주식에서는 보통 다음과 같은 형태가 나타납니다

Today's Price = Yesterday's Price + Noise

즉, 오늘의 가격은 어제의 가격 + 노이즈인거죠.

P_t = P_t-1 + ε_t

Random walk는 미래를 예측하는데 적합하지는 않습니다. 왜냐하면 노이즈 값은 랜덤이기 때문입니다. 아래는 Random Walk에 대한 가설과 검정 예시입니다. (귀무가설과 대립가설)

Random Walk with Drift(drift(μ) is zero-mean)

P_t - P_t-1 = μ + ε_t¶

Regression test for random walk #### P_t = α + βP_t-1 + ε_t #### Equivalent to P_t - P_t-1 = α + βP_t-1 + ε_t
Test: #### H₀: β = 1 (This is a random walk) #### H₁: β < 1 (This is not a random walk)
Dickey-Fuller Test: #### H₀: β = 0 (This is a random walk) #### H₁: β < 0 (This is not a random walk)

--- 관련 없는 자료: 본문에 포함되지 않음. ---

(* Let $L$ be a real-valued Lévy process which is a special semimartingale with characteristic triplet $(b,0,F)$ with respect to $h(x)=x$, with $F(dx)=f(x)dx$, and let $0<Y<2$. (a) If $f_s(x)=O(|x|^{-(1+Y)})$ as $x\to0$, then there is $C\ge0$ with $0\le\Re(A^f(u))=A^{f_s}(u)\le C(1+|u|^Y)$ for all $u\in\mathds R$. (b) If $f_s(x)=\frac{C}{|x|^{1+Y}}+g(x)$ with $C>0$ and $g(x)=O(|x|^{-(1+Y-\delta)})$ as $x\to0$ for some $\delta>0$, then there exist $C_1>0$, $C_2\ge0$ and $Y'\in(0,Y)$ with $\Re(A^f(u))=A^{f_s}(u)\ge C_1|u|^Y-C_2(1+|u|^{Y'})$ for all $u\in\mathds R$. (c) If $f_{as}(x)=O(|x|^{-(1+Y)})$ as $x\to0$ and $Y\ne1$, then there are $C,C_1\ge0$ with $|\Im(A^f(u))|=|A^{f_{as}}(u)|\le C(1+|u|+|u|^Y)\le C_1(1+|u|^{\max(1,Y)})$ for all $u\in\mathds R$. (d) If $Y\in(0,1)$, $f_{as}(x)=O(|x|^{-(1+Y)})$ as $x\to0$, $\int|x|f(x)dx<\infty$, and $b=\int xF(dx)$, then there is $C\ge0$ with $|\Im(A(u))|\le C(1+|u|^Y)$ for all $u\in\mathds R$.
   Context: $f_s(x)=\frac12(f(x)+f(-x))$ and $f_{as}(x)=\frac12(f(x)-f(-x))$. Define $A^{f_s}(u)=-\int(e^{-iux}-1+iux)f_s(x)dx=-\int(\cos(ux)-1)f_s(x)dx$, $A^{f_{as}}(u)=-\int(e^{-iux}-1+iux)f_{as}(x)dx=i\int(\sin(ux)-ux)f_{as}(x)dx$, and $A^f=A^{f_s}+A^{f_{as}}=-\int(e^{-iux}-1+iux)f(x)dx$. The symbol of $L$ is $A(u)=iub+A^f(u)$. $h(x)=O(k(x))$ as $x\to0$ means $|h|/|k|$ is bounded on some punctured neighbourhood of $0$. *)

theory Defs
  imports "HOL-Analysis.Analysis" "HOL-Library.Landau_Symbols"
begin

definition f_s :: "(real \<Rightarrow> real) \<Rightarrow> real \<Rightarrow> real" where
  "f_s f x = (f x + f (- x)) / 2"

definition f_as :: "(real \<Rightarrow> real) \<Rightarrow> real \<Rightarrow> real" where
  "f_as f x = (f x - f (- x)) / 2"

definition A_dens :: "(real \<Rightarrow> real) \<Rightarrow> real \<Rightarrow> complex" where
  "A_dens f u = - (LINT x|lborel. (exp (- \<i> * complex_of_real (u * x)) - 1
                     + \<i> * complex_of_real (u * x)) * complex_of_real (f x))"

text \<open>Symbol of the Levy process with triplet (b,0,F(dx)=f(x)dx) w.r.t. h(x)=x.\<close>
definition levy_symbol :: "real \<Rightarrow> (real \<Rightarrow> real) \<Rightarrow> real \<Rightarrow> complex" where
  "levy_symbol b f u = \<i> * complex_of_real (u * b) + A_dens f u"

text \<open>f is the density of a Levy measure F(dx)=f(x)dx for which the Levy process is a
  special semimartingale: F integrates min(x^2,|x|).\<close>
definition special_levy_density :: "(real \<Rightarrow> real) \<Rightarrow> bool" where
  "special_levy_density f \<longleftrightarrow> f \<in> borel_measurable borel \<and> (\<forall>x. 0 \<le> f x)
     \<and> integrable lborel (\<lambda>x. min (x\<^sup>2) \<bar>x\<bar> * f x)"

end

theory Submission
  imports Defs
begin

Augmented Dickey-Fuller test¶

An augmented Dickey–Fuller test (ADF)는 시계열 샘플에서 단위근이 존재한다는 검정 방법입니다. Dickey-Fuller에서 lag를 보다 확장하여 사용할 수 있습니다.

각 데이터에서 귀무가설 검정을 해보겠습니다.

In [50]:

# Augmented Dickey-Fuller test on volume of google and microsoft stocks 
adf = adfuller(microsoft["Volume"])
print("p-value of microsoft: {}".format(float(adf[1])))
adf = adfuller(google["Volume"])
print("p-value of google: {}".format(float(adf[1])))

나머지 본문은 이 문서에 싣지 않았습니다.